Я пододвинул стул, сел перед клавиатурой, закрыл глаза, затворил слух для звуков, заученных наизусть механическим мозгом, и обеими руками сыграл парочку трагических банальностей. Ужасных с мелодической точки зрения: фа минор, фа-диез мажор. Однако спрятанный в инструменте перфорированный бумажный ролик оказался сильнее, чем я. Он-то знал свое содержание, а я свое — нет.
— Просто ужас, что ты делаешь, — сказал Тутайн.

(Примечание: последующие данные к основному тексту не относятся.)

lemma deriv_Flam:
  assumes "open S" "f holomorphic_on S" "z \<in> S"
  shows "deriv (Flam lam f) z = deriv f z + of_real lam * z * deriv (deriv f) z"
proof -
  have "(f has_field_derivative deriv f z) (at z)"
    using assms by (intro holomorphic_derivI)
  moreover have "(deriv f has_field_derivative deriv (deriv f) z) (at z)"
    using assms by (intro holomorphic_derivI[OF holomorphic_deriv])
  ultimately have "(Flam lam f has_field_derivative
      (1 - of_real lam) * deriv f z + (of_real lam * deriv f z + of_real lam * z * deriv (deriv f) z)) (at z)"
    unfolding Flam_def[abs_def] by (auto intro!: derivative_eq_intros)
  then show ?thesis by (simp add: DERIV_imp_deriv algebra_simps)
qed

lemma Flam_power_mult:
  fixes g :: "complex \<Rightarrow> complex"
  assumes "open S" "g holomorphic_on S" "\<And>z. z \<in> S \<Longrightarrow> f z = z ^ p * g z" "z \<in> S"
  shows "Flam lam f z = z ^ p * ((1 + of_real lam * (of_nat p - 1)) * g z + of_real lam * z * deriv g z)"
proof -
  have "(g has_field_derivative deriv g z) (at z)"
    using assms by (intro holomorphic_derivI)
  then have "((\<lambda>z. z ^ p * g z) has_field_derivative of_nat p * z ^ (p - 1) * g z + z ^ p * deriv g z) (at z)"
    by (auto intro!: derivative_eq_intros)
  then have "(f has_field_derivative of_nat p * z ^ (p - 1) * g z + z ^ p * deriv g z) (at z)"
    using assms by (auto intro: has_field_derivative_transform_within_open)
  then have "z * deriv f z = z * (of_nat p * z ^ (p - 1)) * g z + z * z ^ p * deriv g z"
    by (simp add: DERIV_imp_deriv algebra_simps)
  also have "\<dots> = of_nat p * z ^ p * g z + z * z ^ p * deriv g z"
    by (cases p) simp_all
  finally have zf': "z * deriv f z = of_nat p * z ^ p * g z + z * z ^ p * deriv g z" .
  have "Flam lam f z = (1 - of_real lam) * (z ^ p * g z) + of_real lam * (z * deriv f z)"
    using assms(3,4) by (simp add: Flam_def mult.assoc)
  also have "\<dots> = z ^ p * ((1 + of_real lam * (of_nat p - 1)) * g z + of_real lam * z * deriv g z)"
    unfolding zf' by (simp add: algebra_simps)
  finally show ?thesis .
qed

lemma Flam_factor:
  fixes g :: "complex \<Rightarrow> complex"
  assumes holg: "g holomorphic_on ball 0 R" and "g 0 = 1"
    and fg: "\<And>z. z \<in> ball 0 R \<Longrightarrow> f z = z ^ p * g z"
    and c: "c = 1 + lam * (real p - 1)" "c \<noteq> 0"
  obtains q where "q holomorphic_on ball 0 R" "q 0 = 1"
    "\<And>z. z \<in> ball 0 R \<Longrightarrow> Flam lam f z = of_real c * z ^ p * q z"
proof
  define q where "q z = (of_real c * g z + of_real lam * z * deriv g z) / of_real c" for z
  show "q holomorphic_on ball 0 R"
    unfolding q_def using holg by (intro holomorphic_intros holomorphic_deriv) auto
  show "q 0 = 1" using \<open>g 0 = 1\<close> c(2) by (simp add: q_def)
  have c_eq: "1 + of_real lam * (of_nat p - 1) = complex_of_real c" by (simp add: c(1))
  show "Flam lam f z = of_real c * z ^ p * q z" if "z \<in> ball 0 R" for z
    using Flam_power_mult[OF _ holg fg that, of lam] c(2) unfolding c_eq by (simp add: q_def)
qed

lemma logderiv_power_mult:
  fixes q :: "complex \<Rightarrow> complex"
  assumes "open S" "q holomorphic_on S" "\<And>z. z \<in> S \<Longrightarrow> F z = C * z ^ p * q z"
    and "z \<in> S" "z \<noteq> 0" "C \<noteq> 0" "q z \<noteq> 0"
  shows "z * deriv F z / F z = of_nat p + z * deriv q z / q z"
proof -
  have "(q has_field_derivative deriv q z) (at z)"
    using assms by (intro holomorphic_derivI)
  then have "((\<lambda>z. C * z ^ p * q z) has_field_derivative C * (of_nat p * z ^ (p - 1) * q z + z ^ p * deriv q z)) (at z)"
    by (auto intro!: derivative_eq_intros simp: algebra_simps)
  then have "(F has_field_derivative C * (of_nat p * z ^ (p - 1) * q z + z ^ p * deriv q z)) (at z)"
    using assms by (auto intro: has_field_derivative_transform_within_open)
  then have "deriv F z = C * (of_nat p * z ^ (p - 1) * q z + z ^ p * deriv q z)"
    by (rule DERIV_imp_deriv)
  moreover have "z * (of_nat p * z ^ (p - 1)) = of_nat p * z ^ p"
    by (cases p) auto
  ultimately show ?thesis
    using assms(3-7) by (simp add: field_simps)
qed

lemma rho1_eq_jack_gamma:
  assumes "0 < 1 + lam * (real p - 1)"
  shows "rho1 p lam \<delta> = real p - jack_gamma (\<delta> / (1 + lam * (real p - 1)))"
proof -
  define c where "c = 1 + lam * (real p - 1)"
  have "0 < c" using assms by (simp add: c_def)
  have rho1_c: "rho1 p lam \<delta> = (if \<delta> \<le> c/2 then real p - \<delta> / (2*(c-\<delta>)) else real p - (c-\<delta>) / (2*\<delta>))"
    by (simp add: rho1_def Let_def c_def)
  have "jack_gamma (\<delta> / c) = (if \<delta> \<le> c/2 then \<delta> / (2*(c-\<delta>)) else (c-\<delta>) / (2*\<delta>))"
  proof (cases "\<delta> \<le> c / 2")
    case True
    then have "\<delta> / c \<le> 1/2" "0 < c - \<delta>" using \<open>0 < c\<close> by (simp_all add: field_simps)
    then have "jack_gamma (\<delta> / c) = \<delta> / c / (2 * (1 - \<delta> / c))" by (simp add: jack_gamma_def)
    also have "\<dots> = \<delta> / (2 * (c - \<delta>))"
      using \<open>0 < c\<close> \<open>0 < c - \<delta>\<close> by (simp add: divide_simps)
    finally show ?thesis using True by simp
  next
    case False
    then have "\<not> \<delta> / c \<le> 1/2" "0 < \<delta>" using \<open>0 < c\<close> by (simp_all add: field_simps)
    then have "jack_gamma (\<delta> / c) = (1 - \<delta> / c) / (2 * (\<delta> / c))" by (simp add: jack_gamma_def)
    also have "\<dots> = (c - \<delta>) / (2 * \<delta>)"
      using \<open>0 < c\<close> \<open>0 < \<delta>\<close> by (simp add: divide_simps)
    finally show ?thesis using False by simp
  qed
  then show ?thesis unfolding rho1_c c_def[symmetric] by simp
qed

— Да, — согласился я. — И открыл глаза, чтобы с очевидностью доказать себе: я не вправе продолжать начатое; мне не остается иной роли, кроме как наслаждаться тем, что готов предложить искусный аппарат братьев Монци… Только теперь я заметил, что посередине фасадной стороны инструмента помещена подвижная картина: дорога, и поле, и дерево; а на дальнем плане, на холме, — ветряная мельница
{100}
; и четыре ее крыла медленно движутся, как если бы бессильное кружение этого маленького креста могло создать иллюзию реальности. На небе, затянутом тяжелыми облаками, зависло солнце, которое не светит. Но зато светятся красные и желтые лампы, скрытые за миниатюрными жалюзи… Внезапно нарисованная дорога ожила. По ней заскользила телега, влекомая ослом. На телеге сидел человек. Он двигал руками. У него за спиной громоздились пузатые мешки, слишком тяжелые для несчастного животного из жести или картона. Колеса телеги — старинные, явно относящиеся не к нашему веку массивные деревянные кругляши — не вращались. Но телега, хотя и медленно, скользила по направлению к мельнице.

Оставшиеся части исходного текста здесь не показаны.